Check Interception and Diversion via Postal Mail
How fraudsters intercept cheques in transit through the postal network or at the delivery point, diverting them for deposit into fraudulent accounts.
Part of: Check Interception and Diversion Fraud
Last reviewed: 8 June 2026
Check interception and diversion differs from check washing in that the cheque is used largely as-is rather than altered. Fraudsters intercept cheques at various points in the postal chain — at collection boxes, sorting facilities, or during last-mile delivery — and either deposit them using remote deposit capture or sell them as blank instruments with real signatures to be completed fraudulently.
The growth of mobile cheque deposit has expanded opportunities for this fraud because a cheque image captured remotely can be deposited without physically presenting the item, allowing fraudsters to deposit intercepted cheques into mule accounts before the original intended recipient realises anything has gone wrong.
High-value cheques — tax refunds, government benefit payments, large business payables — are particularly targeted because they offer greater returns for the risk.
How this scam works on postal mail
A business payment cheque, government refund, or personal cheque mailed to a known recipient is extracted from the postal system at a collection point or delivery stage. In some cases an insider at a postal facility is involved. The cheque is photographed and deposited via mobile banking into an account controlled by the fraudster, often before it would have arrived at the intended recipient.
The sending account is debited. The intended recipient reports non-receipt. By the time the fraud is identified, the funds have typically been withdrawn and the deposit account closed or abandoned.

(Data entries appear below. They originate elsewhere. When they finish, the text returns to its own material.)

lemma cramer_2x2_solution:
  fixes a b c d w x y :: "'a::comm_ring_1"
  assumes "w * (a * d - b * c) = 1"
  shows "a * (w * (d * x - b * y)) + b * (w * (a * y - c * x)) = x"
    and "c * (w * (d * x - b * y)) + d * (w * (a * y - c * x)) = y"
proof -
  have "a * (w * (d * x - b * y)) + b * (w * (a * y - c * x)) = w * (a * d - b * c) * x"
    and "c * (w * (d * x - b * y)) + d * (w * (a * y - c * x)) = w * (a * d - b * c) * y"
    by (simp_all add: algebra_simps)
  with assms show "a * (w * (d * x - b * y)) + b * (w * (a * y - c * x)) = x"
    and "c * (w * (d * x - b * y)) + d * (w * (a * y - c * x)) = y"
    by simp_all
qed

locale coeffwise_affine_system =
  fixes P Q :: "'a::comm_ring_1 fps \<Rightarrow> 'a fps \<Rightarrow> 'a fps" and x0 y0 p0 q0 a b c d w :: 'a
  assumes P: "coeffwise_affine x0 y0 P p0 a b" and Q: "coeffwise_affine x0 y0 Q q0 c d"
    and det_inverse: "w * (a * d - b * c) = 1"
begin

lemma coeffs_eq_if_images_coeffs_eq:
  assumes "A $ 0 = x0" "B $ 0 = y0" "A' $ 0 = x0" "B' $ 0 = y0"
    and images: "\<And>k. k \<le> n \<Longrightarrow> P A B $ k = P A' B' $ k \<and> Q A B $ k = Q A' B' $ k"
  shows "k \<le> n \<Longrightarrow> A $ k = A' $ k \<and> B $ k = B' $ k"
proof (induction k rule: less_induct)
  case (less k)
  show ?case
  proof (cases "k = 0")
    case True
    with assms show ?thesis by simp
  next
    case False
    then have "0 < k" by simp
    have lower: "\<And>i. i < k \<Longrightarrow> A $ i = A' $ i \<and> B $ i = B' $ i"
      using less by simp
    have "a * (A $ k - A' $ k) + b * (B $ k - B' $ k) = 0"
      using coeffwise_affine_nth_diff[OF P \<open>0 < k\<close> assms(1,2) lower] images less.prems by simp
    moreover have "c * (A $ k - A' $ k) + d * (B $ k - B' $ k) = 0"
      using coeffwise_affine_nth_diff[OF Q \<open>0 < k\<close> assms(1,2) lower] images less.prems by simp
    ultimately show ?thesis
      using cramer_2x2_unique[OF det_inverse] by (metis eq_iff_diff_eq_0)
  qed
qed

lemma solvable_up_to:
  assumes "T1 $ 0 = p0" "T2 $ 0 = q0"
  shows "\<exists>A B. A $ 0 = x0 \<and> B $ 0 = y0 \<and> (\<forall>k\<le>n. P A B $ k = T1 $ k \<and> Q A B $ k = T2 $ k)"
proof (induction n)
  case 0
  show ?case
    using assms coeffwise_affine_nth_0[OF P] coeffwise_affine_nth_0[OF Q]
    by (intro exI[of _ "fps_const x0"] exI[of _ "fps_const y0"]) simp
next
  case (Suc n)
  then obtain A B where A0: "A $ 0 = x0" and B0: "B $ 0 = y0"
    and sol: "\<forall>k\<le>n. P A B $ k = T1 $ k \<and> Q A B $ k = T2 $ k" by blast
  define r s where "r = T1 $ Suc n - P A B $ Suc n" and "s = T2 $ Suc n - Q A B $ Suc n"
  define A' B' where
    "A' = A + fps_const (w * (d * r - b * s)) * fps_X ^ Suc n" and
    "B' = B + fps_const (w * (a * s - c * r)) * fps_X ^ Suc n"
  have A'0: "A' $ 0 = x0" and B'0: "B' $ 0 = y0"
    using A0 B0 unfolding A'_def B'_def by simp_all
  have lower: "\<And>k. k < Suc n \<Longrightarrow> A' $ k = A $ k \<and> B' $ k = B $ k"
    unfolding A'_def B'_def by auto
  have "P A' B' $ k = P A B $ k \<and> Q A' B' $ k = Q A B $ k" if "k \<le> n" for k
    using that lower
    by (intro conjI coeffwise_affine_nth_cong[OF P A'0 B'0] coeffwise_affine_nth_cong[OF Q A'0 B'0]) auto
  moreover have "P A' B' $ Suc n - P A B $ Suc n = r"
    using coeffwise_affine_nth_diff[OF P _ A'0 B'0 lower] cramer_2x2_solution(1)[OF det_inverse]
    unfolding A'_def B'_def by simp
  moreover have "Q A' B' $ Suc n - Q A B $ Suc n = s"
    using coeffwise_affine_nth_diff[OF Q _ A'0 B'0 lower] cramer_2x2_solution(2)[OF det_inverse]
    unfolding A'_def B'_def by simp
  ultimately show ?case
    using A'0 B'0 sol unfolding r_def s_def by (auto simp: le_Suc_eq)
qed

theorem ex1_solution:
  assumes "T1 $ 0 = p0" "T2 $ 0 = q0"
  shows "\<exists>!UV. P (fst UV) (snd UV) = T1 \<and> Q (fst UV) (snd UV) = T2 \<and>
                fst UV $ 0 = x0 \<and> snd UV $ 0 = y0"
proof -
  have "\<forall>n. \<exists>AB. fst AB $ 0 = x0 \<and> snd AB $ 0 = y0 \<and>
           (\<forall>k\<le>n. P (fst AB) (snd AB) $ k = T1 $ k \<and> Q (fst AB) (snd AB) $ k = T2 $ k)"
    using solvable_up_to[OF assms] by simp
  then obtain S where S0: "\<And>n. fst (S n) $ 0 = x0" "\<And>n. snd (S n) $ 0 = y0"
    and S: "\<And>n k. k \<le> n \<Longrightarrow>
              P (fst (S n)) (snd (S n)) $ k = T1 $ k \<and> Q (fst (S n)) (snd (S n)) $ k = T2 $ k"
    by metis
  define U V where "U = Abs_fps (\<lambda>k. fst (S k) $ k)" and "V = Abs_fps (\<lambda>k. snd (S k) $ k)"
  have agree: "U $ k = fst (S n) $ k \<and> V $ k = snd (S n) $ k" if "k \<le> n" for k n
    using coeffs_eq_if_images_coeffs_eq[OF S0[of k] S0[of n], of k] S that
    unfolding U_def V_def by simp
  have U0: "U $ 0 = x0" "V $ 0 = y0"
    using agree[of 0 0] S0 by simp_all
  have "P U V $ n = T1 $ n \<and> Q U V $ n = T2 $ n" for n
    using coeffwise_affine_nth_cong[OF P U0 agree] coeffwise_affine_nth_cong[OF Q U0 agree] S[of n n]
    by simp
  then have solution: "P U V = T1 \<and> Q U V = T2 \<and> U $ 0 = x0 \<and> V $ 0 = y0"
    using U0 by (simp add: fps_eq_iff)
  show ?thesis
  proof (rule ex1I[of _ "(U, V)"])
    fix UV
    assume "P (fst UV) (snd UV) = T1 \<and> Q (fst UV) (snd UV) = T2 \<and> fst UV $ 0 = x0 \<and> snd UV $ 0 = y0"
    with solution have "fst UV $ k = U $ k \<and> snd UV $ k = V $ k" for k
      using coeffs_eq_if_images_coeffs_eq[of "fst UV" "snd UV" U V k k] by simp
    then show "UV = (U, V)"
      by (simp add: prod_eq_iff fps_eq_iff)
  qed (use solution in simp)
qed

end

theorem theorem3p2:
  fixes F G :: "'a::field_char_0 poly poly"
  assumes jac: "\<exists>c. c \<noteq> 0 \<and> pdX F * pdY G - pdY F * pdX G = [:[:c:]:]"
  shows "\<exists>!UV :: 'a poly poly fps \<times> 'a poly poly fps.
           eval2 F (fst UV) (snd UV) = fps_X * fps_const varX + (1 - fps_X) * fps_const F \<and>
           eval2 G (fst UV) (snd UV) = fps_X * fps_const varY + (1 - fps_X) * fps_const G \<and>
           fps_nth (fst UV) 0 = varX \<and> fps_nth (snd UV) 0 = varY"
proof -
  obtain c where "c \<noteq> 0" and "pdX F * pdY G - pdY F * pdX G = [:[:c:]:]"
    using jac by blast
  then have "[:[:inverse c:]:] * (pdX F * pdY G - pdY F * pdX G) = 1"
    by (simp add: one_pCons)
  then interpret coeffwise_affine_system "eval2 F" "eval2 G" varX varY F G
      "pdX F" "pdY F" "pdX G" "pdY G" "[:[:inverse c:]:]"
    by unfold_locales (rule coeffwise_affine_eval2)+
  show ?thesis
    by (rule ex1_solution) simp_all
qed

end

In diversion schemes the fraudster files a fraudulent change-of-address or mail redirection to cause high-value mail to be delivered to a location they control.
Common red flags
- Expected cheque payment does not arrive within the normal postal timeframe
- Sent cheque was cleared from your account but the recipient reports it was never received
- Tax authority or government benefit payment cheque was cashed but you never received it
- Bank shows a mobile deposit on the account that you did not make
How to protect yourself
- Send cheques by tracked mail or courier for high-value payments
- Use electronic funds transfer for large payments rather than cheques
- Set up bank account alerts for any cheque clearance to identify unexpected items immediately
- For tax refunds, use direct deposit to your bank account rather than paper cheque
- Monitor mail delivery through USPS Informed Delivery for expected items
How to report it
- Report to the USPS Postal Inspection Service at postalinspectors.uspis.gov
- Report to your bank and the bank that processed the fraudulent deposit
- File a report with IC3 at ic3.gov if large sums were involved
Frequently asked questions
How can I verify a cheque was actually received?
Ask the recipient to confirm receipt once you have mailed it. For high-value cheques, use tracked postal services. Better still, switch to electronic payment for large amounts — bank transfers provide end-to-end confirmation of receipt.